Kavramlar Ansiklopedisi | Kategoriler | Konular
İslâm'ın Oğlu Olmak.
İslâm 
 
 
İslâm'ın Oğlu 
Olmak 
 
Aslen İranlı ve Fars kavminden 
olan Selman el-Farisî (r.a.)'a ?İbnü'l-İslâm?, yani İslâm'ın oğlu deniliyordu... 
O, her şeyi ile İslâm'a teslim olmuş, kendisini İslâm'dan başka hiçbir şeye 
mensub kılmıyordu... Onun milleti, İslâm'dı... 
Selman el-Farisî (r.a.)'ın 
kendisine ?İbnü'l-İslâm? denilmesine sebeb şu vak'adır: 
Sa'd b. Ebi Vakkas (r.a.) ile 
aralarında arızî bir kırgınlık olmuş. Bu şeker renklik esnasında bir gün 
mecliste beraber otururlarken Hz. Sa'd, birkaç kişiye nesebini sorduktan sonra 
Hz. Selman'a dönüp -haseb ve nesebi ma'ruf eşraftan bunca Ashab arasına sığınmış 
vaziyette olduğunu îmâ ve bu cihetten biraz mahcub etmek niyetiyle olacak- : 
- Sen de nesebini söyle, demiş. 
Selman da hemen: 
- İslâm'a dahil olduktan sonra 
neseb falan aramam. Lâkin, Selman İbnü'l-İslâm'ım, cevab-ı sevabını vermiş. 

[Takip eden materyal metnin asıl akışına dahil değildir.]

theorem sequential_of_k_burling:
  fixes T :: "('a + 'c) btree" and G :: "'a ograph"
  assumes "burling_tree T" "k_burling_derived k T (map_graph Inl G)"
  shows "\<exists>Ss. kseq_base k G Ss (induced G (burling_derivation.top_vertices T G))
     \<and> (\<forall>xs. root_branch T xs \<longrightarrow> {x \<in> gV G. Inl x \<in> set xs} \<in> Ss)"
  using assms
proof (induction k arbitrary: T G)
  case 0
  interpret burling_derivation T G using burling_derivationI[OF 0] .
  have "gV G = {}"
  proof (rule ccontr)
    assume "gV G \<noteq> {}"
    then obtain v where v: "v \<in> gV G" by blast
    then have "is_branch T [Inl v]" using Inl_vertex_in by (simp add: is_branch_def)
    then show False using 0(2) v by (fastforce simp: k_burling_derived_def map_graph_def)
  qed
  then have "G = empty_graph" "induced G top_vertices = empty_graph"
    using arcs_subset top_vertices_subset by (cases G; auto simp: empty_graph_def induced_def)+
  then show ?case by (auto simp: empty_graph_def)
next
  case (Suc k)
  interpret burling_derivation T G using burling_derivationI[OF Suc.prems] .
  have bound: "\<forall>xs. is_branch T xs \<longrightarrow> card (set xs \<inter> Inl ` gV G) \<le> Suc k"
    using Suc.prems(2) by (simp add: k_burling_derived_def map_graph_def)
  have "\<forall>v\<in>top_vertices. \<exists>Rs. (\<exists>H'. kseq_base k (induced G (below v)) Rs H')
      \<and> (\<forall>ys. root_branch (subtree (Inl v)) ys \<longrightarrow> {x \<in> below v. Inl x \<in> set ys} \<in> Rs)"
  proof
    fix v assume v: "v \<in> top_vertices"
    then have "Inl v \<in> tV T" using top_vertices_subset Inl_vertex_in by auto
    from Suc.IH[OF burling_subtree[OF this] k_burling_subtree[OF bound v]]
    show "\<exists>Rs. (\<exists>H'. kseq_base k (induced G (below v)) Rs H')
      \<and> (\<forall>ys. root_branch (subtree (Inl v)) ys \<longrightarrow> {x \<in> below v. Inl x \<in> set ys} \<in> Rs)"
      by (auto simp: induced_def)
  qed
  then obtain Rs
    where Rs_seq: "\<And>v. v \<in> top_vertices \<Longrightarrow> \<exists>H'. kseq_base k (induced G (below v)) (Rs v) H'"
    and Rs_branch: "\<And>v ys. v \<in> top_vertices \<Longrightarrow> root_branch (subtree (Inl v)) ys
       \<Longrightarrow> {x \<in> below v. Inl x \<in> set ys} \<in> Rs v"
    by metis
  then show ?case by (rule kseq_base_Suc_of_parts)
qed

O mecliste hazır olan Ömer 
(r.a.)'ın da, Sa'd'a canı sıkılmış ve: 
- Bütün Kureyş bilir ki, 
pederim Hattâb, zaman-ı cahiliyette Kureyş'in en azizi idi. Böyle iken ben, işte 
İbnü'l-İslâm olan Selman'ın kardeşi Ömer İbnü'l-İslâm'ım, dedi.[1] 
En büyük izzet ve şereftir 
?İbnü'l-İslâm? olmak... Kavmi, ırkı, soyu ve sopu İslâm olandan daha izzetli 
biri olabilir mi? 
Bütün ırkçı, milliyetçi 
duyguları ve kokuşmuş cahiliyye adetlerini ayağının altına almaktan ve her şeyi 
ile İslâm olmaktan başka bir şerefli hâl var mıdır?.. 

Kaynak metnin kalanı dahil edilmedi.